Actually 3 minutes is a pretty good response time to get a fire extinguisher onto a truss, its faster than the police or fire department here by a significant factor... I did notice a lot of hands on stage wandering around looking up like "well, nothing is going to get spread to by the fire, so its kind of contained... Well, we need to put that out... Look at the pretty fire!" type of look on them. I also loved the "it is going to burn thru all those wires! The whole thing will fall!" Is that a significant risk in this type of situation?


----------



## derekleffew (Jul 11, 2011)

shiben said:


> ...I also loved the "it is going to burn thru all those wires!

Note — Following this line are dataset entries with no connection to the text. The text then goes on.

(* Let $c\in[0,1]$. There exists a countable collection of languages $\mathcal{L}$ such that no set-based generator can generate in the limit from $\mathcal{L}$ and achieve set-based upper density at least $1-c+\varepsilon$, for any $\varepsilon>0$, under adversaries that use an enumeration without noise and with $c$-omissions.
   Context: The universe is $U=\mathbb{N}$ with its natural order. A language is an infinite subset of $U$; a collection is a countable family of languages. For $A,B\subseteq\mathbb{N}$ with $B=\{b_1<b_2<\cdots\}$, $\mu_{\rm up}(A,B)=\limsup_n\frac1n|A\cap\{b_1,\dots,b_n\}|$ and $\mu_{\rm low}(A,B)=\liminf_n\frac1n|A\cap\{b_1,\dots,b_n\}|$. An enumeration of a set $L$ (without noise or omissions) is a sequence in which every element of $L$ appears exactly once and no other elements appear; $S_n=\{x_1,\dots,x_n\}$. An enumeration of $K$ without noise and with $c$-omissions is an enumeration of some $\hat K\subseteq K$ with $\mu_{\rm low}(\hat K,K)\ge1-c$. A set-based generator is a sequence of maps that, given $x_1,\dots,x_n$ (and knowledge of $\mathcal{L}$, not of $K$), outputs $A_n\subseteq U\setminus S_n$. It generates in the limit if for every $K\in\mathcal{L}$ and admissible enumeration of $K$ there is $n^\star$ with $A_n\subseteq K$ for $n\ge n^\star$; it achieves set-based upper density $\rho$ if $\limsup_n\mu_{\rm low}(A_n,K)\ge\rho$ for every such $K$ and enumeration. *)

theory Defs
  imports "HOL-Analysis.Analysis" "HOL-Library.Countable_Set" "HOL-Library.Infinite_Set"
begin

text \<open>Lower density of A relative to an infinite set B = {b_1 < b_2 < ...}:
  liminf over n >= 1 of |A \<inter> {b_1,...,b_n}| / n.  Here enumerate B k is b_(k+1).\<close>
definition mu_low :: "nat set \<Rightarrow> nat set \<Rightarrow> ereal" where
  "mu_low A B = liminf (\<lambda>n. ereal (real (card (A \<inter> enumerate B ` {..<Suc n})) / real (Suc n)))"

definition mu_up :: "nat set \<Rightarrow> nat set \<Rightarrow> ereal" where
  "mu_up A B = limsup (\<lambda>n. ereal (real (card (A \<inter> enumerate B ` {..<Suc n})) / real (Suc n)))"

definition is_collection :: "nat set set \<Rightarrow> bool" where
  "is_collection \<L> \<longleftrightarrow> countable \<L> \<and> (\<forall>L\<in>\<L>. infinite L)"

definition is_enumeration :: "(nat \<Rightarrow> nat) \<Rightarrow> nat set \<Rightarrow> bool" where
  "is_enumeration x L \<longleftrightarrow> inj x \<and> range x = L"

definition is_omission_enum :: "real \<Rightarrow> (nat \<Rightarrow> nat) \<Rightarrow> nat set \<Rightarrow> bool" where
  "is_omission_enum c x K \<longleftrightarrow>
     (\<exists>Khat. Khat \<subseteq> K \<and> mu_low Khat K \<ge> ereal (1 - c) \<and> is_enumeration x Khat)"

text \<open>A set-based generator: the map G applied to the list [x_1,...,x_n] gives A_n
  (the list length encodes n, so this is a sequence of maps).\<close>
definition is_set_generator :: "(nat list \<Rightarrow> nat set) \<Rightarrow> bool" where
  "is_set_generator G \<longleftrightarrow> (\<forall>xs. G xs \<inter> set xs = {})"

abbreviation gen_out :: "(nat list \<Rightarrow> nat set) \<Rightarrow> (nat \<Rightarrow> nat) \<Rightarrow> nat \<Rightarrow> nat set" where
  "gen_out G x n \<equiv> G (map x [0..<n])"

definition generates_in_limit_omit ::
  "real \<Rightarrow> nat set set \<Rightarrow> (nat list \<Rightarrow> nat set) \<Rightarrow> bool" where
  "generates_in_limit_omit c \<L> G \<longleftrightarrow>
     (\<forall>K\<in>\<L>. \<forall>x. is_omission_enum c x K \<longrightarrow>
        (\<exists>nstar. \<forall>n\<ge>nstar. gen_out G x n \<subseteq> K))"

definition achieves_set_upper_density_omit ::
  "real \<Rightarrow> nat set set \<Rightarrow> (nat list \<Rightarrow> nat set) \<Rightarrow> real \<Rightarrow> bool" where
  "achieves_set_upper_density_omit c \<L> G \<rho> \<longleftrightarrow>
     (\<forall>K\<in>\<L>. \<forall>x. is_omission_enum c x K \<longrightarrow>
        limsup (\<lambda>n. mu_low (gen_out G x n) K) \<ge> ereal \<rho>)"

end

theory Submission
  imports Defs
begin

text \<open>Take for \<open>\<L>\<close> the periodic sets \<open>{n. n mod q < p}\<close> with \<open>0 < p\<close> and \<open>0 < q\<close>;
  they include \<open>\<nat>\<close> itself. Given \<open>\<epsilon>\<close>, choose \<open>1 - c \<le> p/q < 1 - c + \<epsilon>\<close> and let the
  adversary enumerate \<open>K = {n. n mod q < p}\<close> exactly. This is a legal enumeration of \<open>K\<close>,
  and, because \<open>K\<close> has lower density \<open>p/q \<ge> 1 - c\<close> in \<open>\<nat>\<close>, also a \<open>c\<close>-omission
  enumeration of \<open>\<nat>\<close>. Generating in the limit for the target \<open>K\<close> forces \<open>A\<^sub>n \<subseteq> K\<close>
  eventually, so the density of \<open>A\<^sub>n\<close> in \<open>\<nat>\<close> is eventually at most \<open>p/q < 1 - c + \<epsilon>\<close>,
  which fails the density requirement for the target \<open>\<nat>\<close>.\<close>

lemma enumerate_UNIV_nat [simp]: "enumerate (UNIV :: nat set) n = n"
proof (induction n)
  case 0
  show ?case by (simp add: enumerate_0)
next
  case (Suc n)
  then show ?case by (auto simp: enumerate_Suc'' intro!: Least_equality)
qed

lemma mu_low_UNIV:
  "mu_low A UNIV = liminf (\<lambda>n. ereal (real (card (A \<inter> {..<Suc n})) / real (Suc n)))"
  by (simp add: mu_low_def)

lemma mu_low_mono:
  assumes "A \<subseteq> B"
  shows "mu_low A K \<le> mu_low B K"
  unfolding mu_low_def
proof (intro Liminf_mono always_eventually allI)
  fix n
  have "card (A \<inter> enumerate K ` {..<Suc n}) \<le> card (B \<inter> enumerate K ` {..<Suc n})"
    using assms by (intro card_mono) auto
  then show "ereal (real (card (A \<inter> enumerate K ` {..<Suc n})) / real (Suc n))
      \<le> ereal (real (card (B \<inter> enumerate K ` {..<Suc n})) / real (Suc n))"
    by (simp add: divide_right_mono)
qed

lemma mu_low_self:
  assumes "infinite K"
  shows "mu_low K K = 1"
proof -
  have "card (K \<inter> enumerate K ` {..<Suc n}) = Suc n" for n
  proof -
    have "K \<inter> enumerate K ` {..<Suc n} = enumerate K ` {..<Suc n}"
      using enumerate_in_set[OF assms] by auto
    then show ?thesis
      using inj_enumerate[OF assms] by (simp add: card_image inj_on_subset)
  qed
  then show ?thesis
    by (simp add: mu_low_def Liminf_const)
qed

lemma is_omission_enum_enumerate:
  assumes "infinite K'" "K' \<subseteq> K" "ereal (1 - c) \<le> mu_low K' K"
  shows "is_omission_enum c (enumerate K') K"
  using assms inj_enumerate[OF assms(1)] range_enumerate[OF assms(1)]
  unfolding is_omission_enum_def is_enumeration_def by blast

lemma limsup_mu_low_gen_out_le:
  assumes "generates_in_limit_omit c \<L> G" "K \<in> \<L>" "is_omission_enum c x K"
  shows "limsup (\<lambda>n. mu_low (gen_out G x n) L) \<le> mu_low K L"
proof (rule Limsup_bounded)
  obtain n\<^sub>0 where "\<forall>n\<ge>n\<^sub>0. gen_out G x n \<subseteq> K"
    using assms unfolding generates_in_limit_omit_def by blast
  then show "\<forall>\<^sub>F n in sequentially. mu_low (gen_out G x n) L \<le> mu_low K L"
    unfolding eventually_sequentially by (blast intro: mu_low_mono)
qed

lemma card_Int_lessThan_Suc:
  "card (A \<inter> {..<Suc N}) = card (A \<inter> {..<N}) + (if N \<in> A then 1 else 0)"
proof -
  have "A \<inter> {..<Suc N} = (if N \<in> A then insert N (A \<inter> {..<N}) else A \<inter> {..<N})"
    by (auto simp: less_Suc_eq)
  then show ?thesis by simp
qed

definition initial_residues :: "nat \<Rightarrow> nat \<Rightarrow> nat set" where
  "initial_residues q p = {n. n mod q < p}"

lemma card_initial_residues_lessThan:
  assumes "0 < q" "p \<le> q"
  shows "card (initial_residues q p \<inter> {..<N}) = p * (N div q) + min (N mod q) p"
proof (induction N)
  case (Suc N)
  then show ?case
    using assms unfolding card_Int_lessThan_Suc
    by (auto simp: initial_residues_def mod_Suc div_Suc)
qed simp

lemma initial_residues_density_lower_bound:
  assumes "0 < q" "p \<le> q" "0 < N"
  shows "real p / real q \<le> real (card (initial_residues q p \<inter> {..<N})) / real N"
proof -
  have "(N mod q) * p \<le> q * min (N mod q) p"
    using assms mod_less_divisor[of q N] by (cases "N mod q \<le> p") (simp_all add: mult_le_mono)
  moreover have "N * p = p * (q * (N div q)) + (N mod q) * p"
  proof -
    have "N * p = (q * (N div q) + N mod q) * p" by simp
    then show ?thesis by (metis distrib_right mult.commute)
  qed
  ultimately have "N * p \<le> q * card (initial_residues q p \<inter> {..<N})"
    unfolding card_initial_residues_lessThan[OF assms(1,2)] by (simp add: algebra_simps)
  then have "real N * real p \<le> real q * real (card (initial_residues q p \<inter> {..<N}))"
    by (metis of_nat_le_iff of_nat_mult)
  then show ?thesis
    using assms by (simp add: field_simps)
qed

lemma mu_low_initial_residues:
  assumes "0 < q" "p \<le> q"
  shows "mu_low (initial_residues q p) UNIV = ereal (real p / real q)"
proof (rule antisym)
  let ?density = "\<lambda>n. ereal (real (card (initial_residues q p \<inter> {..<Suc n})) / real (Suc n))"
  define r where "r k = Suc k * q - 1" for k
  have "strict_mono r"
    using assms(1) by (simp add: r_def strict_mono_def diff_less_mono)
  moreover have "?density (r k) = ereal (real p / real q)" for k
  proof -
    have "Suc (r k) = Suc k * q"
      using assms(1) by (simp add: r_def)
    moreover have "card (initial_residues q p \<inter> {..<Suc k * q}) = Suc k * p"
      using assms by (simp add: card_initial_residues_lessThan)
    ultimately show ?thesis
      using assms(1) by (simp only: of_nat_mult) simp
  qed
  ultimately have "liminf (?density \<circ> r) = ereal (real p / real q)"
    by (simp add: comp_def Liminf_const)
  then show "mu_low (initial_residues q p) UNIV \<le> ereal (real p / real q)"
    using liminf_subseq_mono[OF \<open>strict_mono r\<close>, of ?density] by (simp add: mu_low_UNIV)
  show "ereal (real p / real q) \<le> mu_low (initial_residues q p) UNIV"
    unfolding mu_low_UNIV
    by (intro Liminf_bounded always_eventually allI)
      (simp only: ereal_less_eq initial_residues_density_lower_bound[OF assms zero_less_Suc])
qed

lemma infinite_initial_residues:
  assumes "0 < q" "0 < p"
  shows "infinite (initial_residues q p)"
  unfolding infinite_nat_iff_unbounded_le
proof
  fix m
  have "m * q \<in> initial_residues q p" "m \<le> m * q"
    using assms by (simp_all add: initial_residues_def)
  then show "\<exists>n\<ge>m. n \<in> initial_residues q p" by blast
qed

lemma is_collection_initial_residues:
  "is_collection {initial_residues q p | q p. 0 < q \<and> 0 < p}"
proof -
  have "{initial_residues q p | q p. 0 < q \<and> 0 < p}
      = case_prod initial_residues ` {(q, p). 0 < q \<and> 0 < p}"
    by auto
  then show ?thesis
    unfolding is_collection_def using infinite_initial_residues by auto
qed

lemma fraction_approximation_above:
  fixes r \<epsilon> :: real
  assumes "0 \<le> r" "r \<le> 1" "0 < \<epsilon>"
  obtains p q :: nat where "0 < p" "p \<le> q" "r \<le> p / q" "p / q < r + \<epsilon>"
proof -
  obtain m where m: "inverse (real (Suc m)) < \<epsilon>"
    using reals_Archimedean[OF assms(3)] by blast
  define q where "q = Suc m"
  define p where "p = max 1 (nat \<lceil>r * q\<rceil>)"
  have "r * q \<le> p"
    unfolding p_def by linarith
  moreover have "p \<le> r * q + 1"
    using assms(1) unfolding p_def by (simp add: of_nat_max)
  moreover have "p \<le> q"
    using assms(1,2) unfolding p_def q_def by (simp add: mult_left_le_one_le ceiling_le_iff nat_le_iff)
  moreover have "0 < q"
    unfolding q_def by simp
  ultimately show ?thesis
    using m by (intro that[of p q]) (simp_all add: p_def q_def field_simps)
qed

theorem theorem6p4:
  fixes c :: real
  assumes "0 \<le> c" and "c \<le> 1"
  shows "\<exists>\<L>. is_collection \<L> \<and>
           (\<forall>\<epsilon>>0. \<forall>G. is_set_generator G \<longrightarrow>
              \<not> (generates_in_limit_omit c \<L> G \<and>
                  achieves_set_upper_density_omit c \<L> G (1 - c + \<epsilon>)))"
proof (intro exI conjI allI impI notI)
  let ?\<L> = "{initial_residues q p | q p. 0 < q \<and> 0 < p}"
  show "is_collection ?\<L>"
    by (rule is_collection_initial_residues)
  fix \<epsilon> :: real and G
  assume "0 < \<epsilon>" and G: "generates_in_limit_omit c ?\<L> G \<and>
    achieves_set_upper_density_omit c ?\<L> G (1 - c + \<epsilon>)"
  obtain p q :: nat where pq: "0 < p" "p \<le> q" "1 - c \<le> p / q" "p / q < 1 - c + \<epsilon>"
    using fraction_approximation_above[of "1 - c" \<epsilon>] assms \<open>0 < \<epsilon>\<close> by auto
  define K where "K = initial_residues q p"
  have "K \<in> ?\<L>"
    using pq unfolding K_def by (intro CollectI exI[of _ q] exI[of _ p]) simp
  have "UNIV \<in> ?\<L>"
    by (intro CollectI exI[of _ 1]) (simp add: initial_residues_def)
  have "infinite K"
    using pq by (simp add: K_def infinite_initial_residues)
  have density: "mu_low K UNIV = ereal (p / q)"
    using pq by (simp add: K_def mu_low_initial_residues)
  have "is_omission_enum c (enumerate K) K"
    using \<open>infinite K\<close> assms(1) by (intro is_omission_enum_enumerate) (simp_all add: mu_low_self)
  moreover have "is_omission_enum c (enumerate K) UNIV"
    using \<open>infinite K\<close> pq(3) density by (intro is_omission_enum_enumerate) simp_all
  ultimately have "limsup (\<lambda>n. mu_low (gen_out G (enumerate K) n) UNIV) \<le> mu_low K UNIV"
    and "ereal (1 - c + \<epsilon>) \<le> limsup (\<lambda>n. mu_low (gen_out G (enumerate K) n) UNIV)"
    using G \<open>K \<in> ?\<L>\<close> \<open>UNIV \<in> ?\<L>\<close> limsup_mu_low_gen_out_le
    unfolding achieves_set_upper_density_omit_def by blast+
  with density pq(4) show False
    by (metis ereal_less_eq(3) linorder_not_le order.trans)
qed

end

The whole thing will fall!" Is that a significant risk in this type of situation?


It used to be, when only polyester round slings were used. Current practice is to use either GAC Flex, or back up the SpanSet with 3/8" steel cable. In a fire, the aluminum alloy truss will melt before the GAC.


----------



## chausman (Jul 11, 2011)

derekleffew said:


> It used to be, when only polyester round slings were used. Current practice is to use either GAC Flex, or back up the SpanSet with 3/8" steel cable. In a fire, the aluminum alloy truss will melt before the GAC.


 
That line still made me laugh though.


----------



## cmac (Jul 11, 2011)

> I see what Pie is getting at though. It looks like the power for the rig had been killed for some time, but that's not gonna stop that giant whatever from burning.



The power was NOT killed if SEVERAL MLs began doing whatever they wanted... even if the DMX was caught in the fire, that wouldn't somehow power the lights that went AWOL on SR. 

Also, I applaud the crew for how quickly they got the arena lights on, considering that someone was probably not sitting next to the switch. 

I think 3 minutes is an incredible response time to get an extinguisher as well!!! If we had the same problem, we would need to wait for someone to find a winch key, and would have to slowly winch the electric down to the stage (which takes 1.5-2 mins)... total time 4-5mins+


----------



## derekleffew (Jul 11, 2011)

PLSN-Rihanna Concert Fire PLSN by Debi Moen.


----------



## Footer (Jul 11, 2011)

derekleffew said:


> PLSN-Rihanna Concert Fire PLSN by Debi Moen.


 
At least the truss chair in question was over hung on the truss and not underneath. I could not imagine what would have happened if the person had to go down on a hoist/circus ladder. So the real question is, how did fabric and foam get into the air that did not comply to NFPA 701? Added to that, would NFPA 701 treated fabric and foam prevented this?


----------



## MarshallPope (Jul 12, 2011)

Also, WHO would want to be over the stage ANYWHERE near enough pyro for it to get to you?


----------



## Les (Jul 12, 2011)

cmac said:


> The power was NOT killed if SEVERAL MLs began doing whatever they wanted... even if the DMX was caught in the fire, that wouldn't somehow power the lights that went AWOL on SR.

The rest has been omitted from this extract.